What you should do -
In how many lines of the listing does the word "lambda" appear? Reply with the number only.

Input data -
◆ ◆ ◆ ◆ ◆

(* Let $A$ be a commutative ring and $\varphi:L\to L'$ an isogeny of free abelian groups of finite rank whose degree $\deg\varphi=\#(L'/\varphi(L))$ is invertible in $A$. Then the induced homomorphism $\varphi_R:R(L)\to R(L')$ is an isomorphism.
   Context: An isogeny is an injective homomorphism with finite cokernel. For a free abelian group $L$ of finite rank, $R(L)=\varprojlim_kA[L]/J^k$ is the completion of the group ring $A[L]$ (basis $\delta_\ell$) at its augmentation ideal $J$. The map $\varphi_R$ is the continuous $A$-algebra homomorphism induced by $\delta_\ell\mapsto\delta_{\varphi(\ell)}$. *)

theory Defs
  imports "HOL-Analysis.Finite_Cartesian_Product" "HOL-Library.Poly_Mapping"
begin

text \<open>Free abelian groups of finite rank are modelled as \<open>int ^ 'n\<close> with \<open>'n\<close> finite.
  The group ring A[L] is the type \<open>L \<Rightarrow>\<^sub>0 A\<close> of finitely supported functions with
  convolution product; \<open>Poly_Mapping.single l 1\<close> is the basis element delta_l.\<close>

definition grp_hom :: "('l::plus \<Rightarrow> 'm::plus) \<Rightarrow> bool" where
  "grp_hom f \<longleftrightarrow> (\<forall>x y. f (x + y) = f x + f y)"

definition cokernel :: "('l \<Rightarrow> 'm::plus) \<Rightarrow> 'm set set" where
  "cokernel f = {(\<lambda>v. y + v) ` range f | y. True}"

definition isogeny :: "('l::plus \<Rightarrow> 'm::plus) \<Rightarrow> bool" where
  "isogeny f \<longleftrightarrow> grp_hom f \<and> inj f \<and> finite (cokernel f)"

definition iso_degree :: "('l \<Rightarrow> 'm::plus) \<Rightarrow> nat" where
  "iso_degree f = card (cokernel f)"

definition augmentation :: "('l \<Rightarrow>\<^sub>0 'a::comm_ring_1) \<Rightarrow> 'a" where
  "augmentation x = (\<Sum>l\<in>Poly_Mapping.keys x. Poly_Mapping.lookup x l)"

definition aug_ideal :: "('l::comm_monoid_add \<Rightarrow>\<^sub>0 'a::comm_ring_1) set" where
  "aug_ideal = {x. augmentation x = 0}"

inductive_set sum_closure :: "'r::comm_monoid_add set \<Rightarrow> 'r set" for S where
  zero: "0 \<in> sum_closure S"
| base: "x \<in> S \<Longrightarrow> x \<in> sum_closure S"
| add: "x \<in> sum_closure S \<Longrightarrow> y \<in> sum_closure S \<Longrightarrow> x + y \<in> sum_closure S"

fun ideal_pow :: "'r::comm_ring_1 set \<Rightarrow> nat \<Rightarrow> 'r set" where
  "ideal_pow I 0 = UNIV"
| "ideal_pow I (Suc k) = sum_closure {a * b | a b. a \<in> I \<and> b \<in> ideal_pow I k}"

definition coset_of :: "'r::ab_group_add set \<Rightarrow> 'r \<Rightarrow> 'r set" where
  "coset_of I r = {y. y - r \<in> I}"

text \<open>The completion R(L) = lim_k A[L]/J^k, as compatible families of cosets.\<close>
definition completion :: "(nat \<Rightarrow> ('l::comm_monoid_add \<Rightarrow>\<^sub>0 'a::comm_ring_1) set) set" where
  "completion = {x. \<forall>k. (\<exists>r. x k = coset_of (ideal_pow aug_ideal k) r) \<and> x (Suc k) \<subseteq> x k}"

definition group_ring_map :: "('l \<Rightarrow> 'm) \<Rightarrow> ('l \<Rightarrow>\<^sub>0 'a::comm_ring_1) \<Rightarrow> ('m \<Rightarrow>\<^sub>0 'a)" where
  "group_ring_map f x = (\<Sum>l\<in>Poly_Mapping.keys x. Poly_Mapping.single (f l) (Poly_Mapping.lookup x l))"

definition completion_map ::
  "('l::comm_monoid_add \<Rightarrow> 'm::comm_monoid_add) \<Rightarrow> (nat \<Rightarrow> ('l \<Rightarrow>\<^sub>0 'a::comm_ring_1) set)
     \<Rightarrow> (nat \<Rightarrow> ('m \<Rightarrow>\<^sub>0 'a) set)" where
  "completion_map f x = (\<lambda>k. \<Union>r\<in>x k. coset_of (ideal_pow aug_ideal k) (group_ring_map f r))"

end

theory Submission
  imports Defs
begin

text \<open>Let \<open>d\<close> be the degree of \<open>\<phi>\<close>. Lagrange's theorem in the finite group \<open>L'/\<phi>(L)\<close> yields a
  dual homomorphism \<open>\<psi>\<close> with \<open>\<phi> \<circ> \<psi> = d\<close> and \<open>\<psi> \<circ> \<phi> = d\<close>. On a group ring the dilation
  \<open>\<delta>\<^sub>l \<mapsto> \<delta>\<^sub>d\<^sub>l\<close> preserves the powers \<open>J\<^sup>m\<close> of the augmentation ideal and acts on \<open>J\<^sup>m/J\<^sup>m\<^sup>+\<^sup>1\<close> as
  multiplication by the unit \<open>d\<^sup>m\<close>; hence it is strict (it maps no element outside \<open>J\<^sup>k\<close> into
  \<open>J\<^sup>k\<close>) and surjective modulo every \<open>J\<^sup>k\<close>. Both composites of \<open>\<phi>\<^sub>R\<close> and \<open>\<psi>\<^sub>R\<close> being dilations,
  \<open>\<phi>\<^sub>R\<close> is strict and surjective modulo every \<open>J\<^sup>k\<close>, and therefore induces a bijection of the
  inverse limits.\<close>

section \<open>Powers of ideals\<close>

definition is_ideal :: "'r::comm_ring_1 set \<Rightarrow> bool" where
  "is_ideal I \<longleftrightarrow> 0 \<in> I \<and> (\<forall>x\<in>I. \<forall>y\<in>I. x + y \<in> I) \<and> (\<forall>r. \<forall>x\<in>I. r * x \<in> I)"

context
  fixes I :: "'r::comm_ring_1 set"
  assumes I: "is_ideal I"
begin

lemma ideal_zero: "0 \<in> I"
  using I by (simp add: is_ideal_def)

lemma ideal_add: "x \<in> I \<Longrightarrow> y \<in> I \<Longrightarrow> x + y \<in> I"
  using I by (simp add: is_ideal_def)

◆ ◆ ◆ ◆ ◆

Solution to this task -
2